### Assigned task
The expected output is exactly the lines below, starting at the line with "using assms(1) by (rule tensor_expansion)" and ending at the line with "vector_space su \<and>", both included; no other line belongs in it.

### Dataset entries
= = = =
text \<open>The \<open>x'\<close> of the condition is \<open>(\<Gamma>, Dia_false \<Gamma>)\<close>: every member of one of its successors
  is \<open>\<diamond>\<close>-true in \<open>\<Gamma>\<close>, hence at every world above \<open>x\<close>.\<close>
lemma canon_C_suff:
  assumes "CD \<in> L"
  shows "C_suff (canon_W L) canon_e (canon_le L) (canon_R L)"
  unfolding C_suff_def
proof (intro ballI)
  fix w assume w: "w \<in> canon_W L"
  let ?w' = "(fst w, Dia_false (fst w))"
  have w': "?w' \<in> canon_W L"
    using canon_world_Dia_false[OF canon_W_prime_theory[OF w] assms] unfolding canon_W_def by simp
  moreover have "canon_le L w ?w'" using w w' unfolding canon_le_def by simp
  moreover have "\<exists>x\<in>canon_W L. canon_R L v x \<and> canon_le L u x"
    if v: "v \<in> canon_W L" and u: "u \<in> canon_W L" and "canon_le L w v \<and> canon_R L ?w' u" for v u
  proof -
    have "\<forall>\<theta>\<in>fst u. Dia \<theta> \<in> fst v"
      using that unfolding canon_R_def canon_le_def successors_def Dia_false_def by auto
    then obtain x where "canon_R L v x" "fst u \<subseteq> fst x"
      using canon_successor_containing[OF v canon_W_prime_theory[OF u]] by blast
    then show ?thesis using u canon_R_in_canon_W unfolding canon_le_def by blast
  qed
  ultimately show "\<exists>w'\<in>canon_W L. canon_le L w w' \<and>
      (\<forall>v\<in>canon_W L. \<forall>u\<in>canon_W L. canon_le L w v \<and> canon_R L w' u \<longrightarrow>
        (\<exists>x\<in>canon_W L. canon_R L v x \<and> canon_le L u x))"
    by blast
qed
lemma expansion_value_unique:
  assumes "expansion w K g" "expansion w L h"
  shows "(\<Sum>b\<in>K. f b (g b)) = (\<Sum>b\<in>L. f b (h b))"
proof -
  have f0: "\<And>b. f b 0 = 0" using linear_map_zero[OF bilin_linear_right[OF bilinear_f]] .
  have fin: "finite (K \<union> L)" using assms unfolding expansion_def by blast
  have "(\<Sum>b\<in>K. f b (g b)) = (\<Sum>b\<in>K \<union> L. f b (if b \<in> K then g b else 0))"
    by (rule sum_zero_extension[OF fin]) (auto simp: f0)
  also have "\<dots> = (\<Sum>b\<in>K \<union> L. f b (if b \<in> L then h b else 0))"
    using expansion_unique[OF expansion_common_support[OF assms]] by (intro sum.cong) auto
  also have "\<dots> = (\<Sum>b\<in>L. f b (h b))"
    by (rule sum_zero_extension[OF fin, symmetric]) (auto simp: f0)
  finally show ?thesis .
qed

definition lift :: "'w \<Rightarrow> 'z" where
  "lift w = (SOME z. \<exists>K g. expansion w K g \<and> z = (\<Sum>b\<in>K. f b (g b)))"

lemma lift_expansion:
  assumes "expansion w K g"
  shows "lift w = (\<Sum>b\<in>K. f b (g b))"
  unfolding lift_def
proof (rule some_equality)
  show "\<exists>K' g'. expansion w K' g' \<and> (\<Sum>b\<in>K. f b (g b)) = (\<Sum>b\<in>K'. f b (g' b))"
    using assms by blast
  show "z = (\<Sum>b\<in>K. f b (g b))" if "\<exists>K' g'. expansion w K' g' \<and> z = (\<Sum>b\<in>K'. f b (g' b))" for z
    using that expansion_value_unique[OF assms] by metis
qed

lemma linear_lift: "Vector_Spaces.linear sw sz lift"
  unfolding Vector_Spaces.linear_iff
proof (intro conjI allI)
  show "vector_space sw" "vector_space sz" by unfold_locales
next
  fix x y
  obtain K1 g1 K2 g2 where "expansion x K1 g1" "expansion y K2 g2"
    using expansion_exists by meson
  from expansion_common_support[OF this] show "lift (x + y) = lift x + lift y"
    by (simp add: lift_expansion[OF expansion_add] lift_expansion
        linear_map_add[OF bilin_linear_right[OF bilinear_f]] sum.distrib)
next
  fix c x
  obtain K g where "expansion x K g" using expansion_exists by blast
  then show "lift (sw c x) = sz c (lift x)"
    by (simp add: lift_expansion[OF expansion_scale] lift_expansion linear_map_scale[OF bilin_linear_right[OF bilinear_f]]
        Z.scale_sum_right)
qed

lemma lift_tensor: "lift (t u v) = f u v"
proof -
  obtain K r where "finite K" "K \<subseteq> basis" "u = (\<Sum>b\<in>K. su (r b) b)"
    by (rule basis_coordinates)
  then show ?thesis
    by (simp add: lift_expansion[OF expansion_tensor] bilin_sum_scale_left[OF bilinear_f])
qed

lemma tlift_spec: "Vector_Spaces.linear sw sz (tlift sw sz t f) \<and> (\<forall>u v. tlift sw sz t f (t u v) = f u v)"
  unfolding tlift_def by (rule someI[of _ lift]) (simp add: linear_lift lift_tensor)

end

lemma tensor_lift_if_is_tensor:
  "is_tensor su sv sw t \<Longrightarrow> vector_space sz \<Longrightarrow> bilin su sv sz f \<Longrightarrow> tensor_lift su sv sw t sz f"
  by (simp add: tensor_lift_def tensor_lift_axioms_def is_tensor_iff_tensor_product)

lemma
  assumes "is_tensor su sv sw t" "vector_space sz" "bilin su sv sz f"
  shows tlift_linear: "Vector_Spaces.linear sw sz (tlift sw sz t f)"
    and tlift_tensor: "tlift sw sz t f (t u v) = f u v"
  using tensor_lift.tlift_spec[OF tensor_lift_if_is_tensor[OF assms]] by simp_all

lemma tensor_expansion:
  assumes "is_tensor su sv sw t"
  obtains K g where "finite K" "w = (\<Sum>b\<in>K. t b (g b))"
proof -
  interpret tensor_product su sv sw t
    using assms by (simp add: is_tensor_iff_tensor_product)
  obtain K g where "expansion w K g"
    using expansion_exists by blast
  then show ?thesis
    unfolding expansion_def using that by blast
qed

lemma tensor_unit:
  fixes t :: "'a::ring \<Rightarrow> 'a \<Rightarrow> 'b::ring"
  assumes "is_tensor su su sw t" and tensor_mult: "\<And>a b c d. t a b * t c d = t (a * c) (b * d)"
    and unit: "\<And>a. u * a = a" "\<And>a. a * u = a"
  shows "t u u * w = w" "w * t u u = w"
proof -
  obtain K g where "finite K" "w = (\<Sum>b\<in>K. t b (g b))"
    using assms(1) by (rule tensor_expansion)
  then show "t u u * w = w" "w * t u u = w"
    by (simp_all add: sum_distrib_left sum_distrib_right tensor_mult unit)
qed

lemma is_tensor_vector_spaces: "is_tensor su sv sw t \<Longrightarrow> vector_space su \<and> vector_space sw"
  and is_tensor_bilin: "is_tensor su sv sw t \<Longrightarrow> bilin su sv sw t"
  by (simp_all add: is_tensor_def)

lemma
  assumes "is_tensor s s s2 t2" "Vector_Spaces.linear s (*) f"
  shows slice_right_linear: "Vector_Spaces.linear s2 s (slice_right s s2 t2 f)"
    and slice_right_tensor: "slice_right s s2 t2 f (t2 x y) = s (f y) x"
proof -
  have "vector_space s" using is_tensor_vector_spaces[OF assms(1)] by blast
  from tlift_linear[OF assms(1) this] tlift_tensor[OF assms(1) this] bilin_slice[OF this assms(2)]
  show "Vector_Spaces.linear s2 s (slice_right s s2 t2 f)" "slice_right s s2 t2 f (t2 x y) = s (f y) x"
    unfolding slice_right_def by blast+
qed

lemma
  assumes "is_tensor s1 s1 s2 t2" "calg s1"
  shows one_tens_linear: "Vector_Spaces.linear s2 s2 (fst (one_tens s2 t2 b))"
    and one_tens_tensor: "fst (one_tens s2 t2 b) (t2 x y) = t2 x (b * y)"
    and tens_one_tensor: "fst (tens_one s2 t2 b) (t2 x y) = t2 (b * x) y"
proof -
  have "vector_space s2" using is_tensor_vector_spaces[OF assms(1)] by blast
  note lift = tlift_linear[OF assms(1) this] tlift_tensor[OF assms(1) this]
  have "bilin s1 s1 s2 (\<lambda>x y. t2 x (b * y))" "bilin s1 s1 s2 (\<lambda>x y. t2 (b * x) y)"
    using bilin_compose_right[OF is_tensor_bilin calg_linear_mult_left]
      bilin_compose_left[OF is_tensor_bilin calg_linear_mult_left] assms by blast+
  with lift show "Vector_Spaces.linear s2 s2 (fst (one_tens s2 t2 b))"
    "fst (one_tens s2 t2 b) (t2 x y) = t2 x (b * y)" "fst (tens_one s2 t2 b) (t2 x y) = t2 (b * x) y"
    unfolding one_tens_def tens_one_def fst_conv by blast+
qed

lemma elt_embed:
  fixes z one :: "'a::ring"
  assumes "\<And>w. w * one = w"
  shows "elt (embed z) = z"
  unfolding elt_def
proof (rule the_equality)
  show "z' = z" if "embed z = embed z'" for z'
  proof -
    have "(\<lambda>x. z * x) = (\<lambda>x. z' * x)"
      using that unfolding embed_def by simp
    then have "z * one = z' * one" by metis
    then show ?thesis using assms by simp
  qed
qed simp

lemma elt_mmult:
  fixes one :: "'a::ring"
  assumes "\<And>w. w * one = w" and "in_alg (mmult m n)"
  shows "elt (mmult m n) = fst m (fst n one)"
proof -
  obtain z where z: "mmult m n = embed z"
    using assms(2) unfolding in_alg_def by blast
  then have "fst m (fst n one) = z * one"
    unfolding mmult_def embed_def by (metis comp_apply fst_conv)
  then show ?thesis
    using z elt_embed[OF assms(1)] assms(1) by simp
qed

lemma fin_dim_basis:
  assumes "vector_space s" "fin_dim s"
  obtains B where "finite B" "\<not> module.dependent s B" "module.span s B = UNIV"
proof -
  interpret vector_space s by fact
  obtain B0 where B0: "finite B0" "span B0 = UNIV"
    using assms(2) unfolding fin_dim_def by blast
  obtain B where B: "independent B" "UNIV \<subseteq> span B"
    using basis_exists[of UNIV] by blast
  moreover have "finite B"
    using independent_span_bound[OF B0(1) B(1)] B0(2) by blast
  ultimately show ?thesis
    using that by blast
qed
text \<open>Adjacent simplices lie on opposite sides of their common facet: otherwise a point
  slightly off the barycentre of the facet towards \<open>v0\<close> would lie in both simplices.\<close>

lemma opposite_vertex_bary_coord_neg:
  assumes \<sigma>T: "\<sigma> \<in> top_simplices K" and \<sigma>'T: "\<sigma>' \<in> top_simplices K"
    and \<sigma>: "\<sigma> = insert v0 \<phi>" "\<sigma>' = insert v1 \<phi>" "v0 \<notin> \<sigma>'" "v1 \<notin> \<sigma>" and card: "card \<phi> = CARD('m)"
  shows "bary_coord \<sigma>' v1 v0 < 0"
proof (rule ccontr)
  assume "\<not> bary_coord \<sigma>' v1 v0 < 0"
  note sp = top_simplexD(4)[OF \<sigma>T] top_simplexD(4)[OF \<sigma>'T]
  define m where "m = real CARD('m)"
  define b where "b = (\<Sum>u\<in>\<phi>. (1 / card \<phi>) *\<^sub>R u)"
  have "\<phi> \<noteq> {}" using card by auto
  have b: "bary_coord \<tau> u b = (if u \<in> \<phi> then 1 / m else 0)" if "\<tau> \<in> {\<sigma>, \<sigma>'}" "u \<in> \<tau>" for \<tau> u
  proof -
    have "spanning_simplex \<tau>" "\<phi> \<subseteq> \<tau>" using that sp \<sigma>(1,2) by auto
    from bary_coord_barycentre[OF this \<open>\<phi> \<noteq> {}\<close> that(2)] show ?thesis by (simp add: b_def m_def card)
  qed
  have "0 < m" by (simp add: m_def)
  then obtain s where s: "0 < s" "s \<le> 1" "s * dist b v0 < A * (1 / m)"
    using exists_step_mult_less[of "dist b v0" "A * (1 / m)"] A_pos by auto
  define q where "q = (1 - s) *\<^sub>R b + s *\<^sub>R v0"
  have "dist q b = s * dist b v0"
    using s(1) by (simp add: q_def dist_norm algebra_simps norm_minus_commute flip: scaleR_diff_right)
  with s(3) have near: "dist q b < A * (1 / m)" by simp
  have coord_q: "bary_coord \<tau> u q = (1 - s) * bary_coord \<tau> u b + s * bary_coord \<tau> u v0"
    if "\<tau> \<in> {\<sigma>, \<sigma>'}" "u \<in> \<tau>" for \<tau> u
    using bary_coord_affine_comb[of \<tau> u "1 - s" s b v0] that sp by (auto simp: q_def)
  have "q \<in> convex hull \<sigma>"
    unfolding mem_convex_hull_iff_bary_coord_nonneg[OF sp(1)]
    using coord_q b bary_coord_vertex[OF sp(1)] s \<sigma>(1) \<open>0 < m\<close> by auto
  moreover have "q \<in> convex hull \<sigma>'"
    unfolding mem_convex_hull_iff_bary_coord_nonneg[OF sp(2)]
  proof
    fix u assume u: "u \<in> \<sigma>'"
    show "0 \<le> bary_coord \<sigma>' u q"
    proof (cases "u = v1")
      case True
      then show ?thesis using coord_q[of \<sigma>' u] b[of \<sigma>' u] u \<sigma> s \<open>\<not> _ < 0\<close> by auto
    next
      case False
      then have "u \<in> \<phi>" using u \<sigma>(2) by auto
      then show ?thesis using bary_coord_pos_near[OF \<sigma>'T u _ near] b[of \<sigma>' u] u by auto
    qed
  qed
  moreover have "\<sigma> \<inter> \<sigma>' = \<phi>" using \<sigma> by auto
  ultimately have "q \<in> convex hull \<phi>" using convex_hull_inter_top[OF \<sigma>T \<sigma>'T] by blast
  then have "bary_coord \<sigma> v0 q = 0" using \<sigma> by (intro bary_coord_eq_0_off_face[OF sp(1)]) auto
  moreover have "bary_coord \<sigma> v0 q = s"
    using coord_q[of \<sigma> v0] b[of \<sigma> v0] bary_coord_vertex[OF sp(1)] \<sigma> by auto
  ultimately show False using s(1) by simp
qed

lemma near_facet_in_adjacent_hull:
  assumes \<sigma>T: "\<sigma> \<in> top_simplices K" and \<sigma>'T: "\<sigma>' \<in> top_simplices K" and "\<sigma>' \<noteq> \<sigma>"
    and \<phi>: "\<phi> \<subseteq> \<sigma>" "\<phi> \<subseteq> \<sigma>'" "card \<phi> = CARD('m)"
    and w: "w \<in> convex hull \<phi>" "\<And>u. u \<in> \<phi> \<Longrightarrow> \<mu> \<le> bary_coord \<sigma> u w" and q: "dist q w < A * \<mu>"
  shows "\<exists>\<tau>\<in>{\<sigma>, \<sigma>'}. q \<in> convex hull \<tau> \<and> (\<forall>u\<in>\<phi>. 0 < bary_coord \<tau> u q)"
proof -
  obtain v0 v1 where \<sigma>: "\<sigma> = insert v0 \<phi>" "\<sigma>' = insert v1 \<phi>" "v0 \<notin> \<sigma>'" "v1 \<notin> \<sigma>"
    using adjacent_top_simplices[OF \<sigma>T \<sigma>'T \<open>\<sigma>' \<noteq> \<sigma>\<close> \<phi>] .
  note sp = top_simplexD(4)[OF \<sigma>T] top_simplexD(4)[OF \<sigma>'T]
  have "\<sigma> \<inter> \<sigma>' = \<phi>" using \<sigma> by auto
  then have same: "bary_coord \<sigma>' u w = bary_coord \<sigma> u w" if "u \<in> \<phi>" for u
    using bary_coord_common_face[OF sp, of w u] w(1) that by simp
  have pos: "0 < bary_coord \<sigma> u q" "0 < bary_coord \<sigma>' u q" if u: "u \<in> \<phi>" for u
  proof -
    have "u \<in> \<sigma>" "u \<in> \<sigma>'" "\<mu> \<le> bary_coord \<sigma>' u w" using u \<phi> w(2)[OF u] same[OF u] by auto
    then show "0 < bary_coord \<sigma> u q" "0 < bary_coord \<sigma>' u q"
      using bary_coord_pos_near[OF \<sigma>T _ w(2)[OF u] q] bary_coord_pos_near[OF \<sigma>'T _ _ q] by blast+
  qed
  show ?thesis
  proof (cases "0 \<le> bary_coord \<sigma> v0 q")
    case True
    then have "q \<in> convex hull \<sigma>"
      unfolding mem_convex_hull_iff_bary_coord_nonneg[OF sp(1)] using pos \<sigma>(1) by (auto intro: less_imp_le)
    then show ?thesis using pos by auto
  next
    case False
    then have "0 < bary_coord \<sigma>' v1 q"
      using bary_coord_opposite_vertex[OF \<sigma>T \<sigma>'T \<sigma>, of q] opposite_vertex_bary_coord_neg[OF \<sigma>T \<sigma>'T \<sigma> \<phi>(3)]
      by (simp add: mult_neg_neg)
    then have "q \<in> convex hull \<sigma>'"
      unfolding mem_convex_hull_iff_bary_coord_nonneg[OF sp(2)] using pos \<sigma>(2) by (auto intro: less_imp_le)
    then show ?thesis using pos by auto
  qed
qed
lemma measure_near_restricted_spectrum_le:
  fixes z :: complex
  assumes "finite \<Lambda>" "\<forall>\<mu>\<in>\<Lambda>. cyc \<mu> \<in> \<Lambda>" "\<Lambda> \<noteq> {}" "0 \<le> \<eta>"
  defines "A \<equiv> {\<omega> \<in> space Omega. infdist z (restricted_spectrum \<omega> \<Lambda>) \<le> \<eta>}"
  shows "A \<in> sets Omega" "measure Omega A \<le> 16 * \<eta> * card \<Lambda>"
proof -
  interpret prob_space Omega
    unfolding Omega_def by (rule circle_product.prob_space_axioms)
  define E where "E \<mu> = {\<omega> \<in> space Omega. block_phase \<omega> \<mu> \<in> power4_cball z \<eta>}" for \<mu>
  have E: "E \<mu> \<in> sets Omega" for \<mu>
    unfolding E_def block_phase_def Omega_def by measurable
  have A: "A = (\<Union>\<mu>\<in>\<Lambda>. E \<mu>)"
    unfolding A_def E_def by (rule near_restricted_spectrum_eq_Union[OF assms(1-3)])
  show "A \<in> sets Omega"
    unfolding A using assms(1) E by auto
  have "measure Omega (E \<mu>) \<le> 16 * \<eta>" for \<mu>
  proof -
    have "emeasure Omega (E \<mu>) \<le> ennreal (16 * \<eta>)"
      unfolding E_def
      by (intro emeasure_block_phase_mem_le emeasure_circle_slice_power4_cball_le assms(4)) simp_all
    then show ?thesis
      using assms(4) by (simp add: emeasure_eq_measure)
  qed
  then have "measure Omega A \<le> (\<Sum>\<mu>\<in>\<Lambda>. 16 * \<eta>)"
    unfolding A using assms(1) E by (intro order_trans[OF finite_measure_subadditive_finite] sum_mono) auto
  then show "measure Omega A \<le> 16 * \<eta> * card \<Lambda>"
    by (simp add: mult.commute)
qed

theorem proposition1:
  shows "\<exists>C > 0. \<exists>\<epsilon>0 > 0. \<forall>L1 L2 :: nat. \<forall>\<eta> :: real.
     L1 \<ge> 1 \<longrightarrow> L2 \<ge> 1 \<longrightarrow> \<eta> > 0 \<longrightarrow> \<eta> * vol_box L1 L2 \<le> \<epsilon>0 \<longrightarrow>
     (\<forall>v :: int \<times> int. even (fst v) \<longrightarrow> even (snd v) \<longrightarrow>
      (\<forall>z :: complex. cmod z \<noteq> 1 \<longrightarrow>
        (let A = {\<omega> \<in> space Omega.
                   infdist z (restricted_spectrum \<omega> (translate (box L1 L2) v)) \<le> \<eta>}
         in A \<in> sets Omega \<and> measure Omega A \<le> C * \<eta> * vol_box L1 L2)))"
proof (intro exI[of _ 64] exI[of _ 1] conjI allI impI; (simp only: zero_less_one zero_less_numeral)?)
  fix L1 L2 :: nat and \<eta> :: real and v :: "int \<times> int" and z :: complex
  assume L: "1 \<le> L1" "1 \<le> L2" and \<eta>: "0 < \<eta>" and v: "even (fst v)" "even (snd v)"
  let ?\<Lambda> = "translate (box L1 L2) v"
  have "finite ?\<Lambda>" "\<forall>\<mu>\<in>?\<Lambda>. cyc \<mu> \<in> ?\<Lambda>" "?\<Lambda> \<noteq> {}"
    using finite_translate_box cyc_mem_translate_box[OF v] translate_box_nonempty[OF L] by blast+
  from measure_near_restricted_spectrum_le[OF this less_imp_le[OF \<eta>], of z]
  show "let A = {\<omega> \<in> space Omega. infdist z (restricted_spectrum \<omega> ?\<Lambda>) \<le> \<eta>}
        in A \<in> sets Omega \<and> measure Omega A \<le> 64 * \<eta> * vol_box L1 L2"
    by (simp add: card_translate_box Let_def)
qed

end
lemma splitsI: "S = Sh + St \<Longrightarrow> psd Sh \<Longrightarrow> psd St \<Longrightarrow> is_diag St \<Longrightarrow> (Sh, St) \<in> splits S"
  by (simp add: splits_def)

lemma split_zero_mem: "psd S \<Longrightarrow> (S, 0) \<in> splits S"
  by (simp add: splits_def psd_def is_diag_def transpose_def vec_eq_iff)

lemma convex_splits: "convex (splits (S::real^'n^'n))"
  unfolding convex_def
proof (intro ballI allI impI)
  fix s s' :: "(real^'n^'n) \<times> (real^'n^'n)" and u v :: real
  assume s: "s \<in> splits S" and s': "s' \<in> splits S" and "0 \<le> u" "0 \<le> v" "u + v = 1"
  have "S = (u + v) *\<^sub>R S" using \<open>u + v = 1\<close> by simp
  also have "\<dots> = u *\<^sub>R (fst s + snd s) + v *\<^sub>R (fst s' + snd s')"
    using splitsD(1)[OF s] splitsD(1)[OF s'] by (metis scaleR_left_distrib)
  also have "\<dots> = (u *\<^sub>R fst s + v *\<^sub>R fst s') + (u *\<^sub>R snd s + v *\<^sub>R snd s')"
    by (simp add: algebra_simps)
  finally have sum: "S = (u *\<^sub>R fst s + v *\<^sub>R fst s') + (u *\<^sub>R snd s + v *\<^sub>R snd s')" .
  have "(u *\<^sub>R fst s + v *\<^sub>R fst s', u *\<^sub>R snd s + v *\<^sub>R snd s') \<in> splits S"
    using splitsD[OF s] splitsD[OF s'] \<open>0 \<le> u\<close> \<open>0 \<le> v\<close>
    by (intro splitsI[OF sum] psd_add psd_scaleR) (auto simp: is_diag_def)
  then show "u *\<^sub>R s + v *\<^sub>R s' \<in> splits S" by (cases s, cases s') simp
qed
= = = =
### Answer to this problem
    using assms(1) by (rule tensor_expansion)
  then show "t u u * w = w" "w * t u u = w"
    by (simp_all add: sum_distrib_left sum_distrib_right tensor_mult unit)
qed

lemma is_tensor_vector_spaces: "is_tensor su sv sw t \<Longrightarrow> vector_space su \<and> vector_space sw"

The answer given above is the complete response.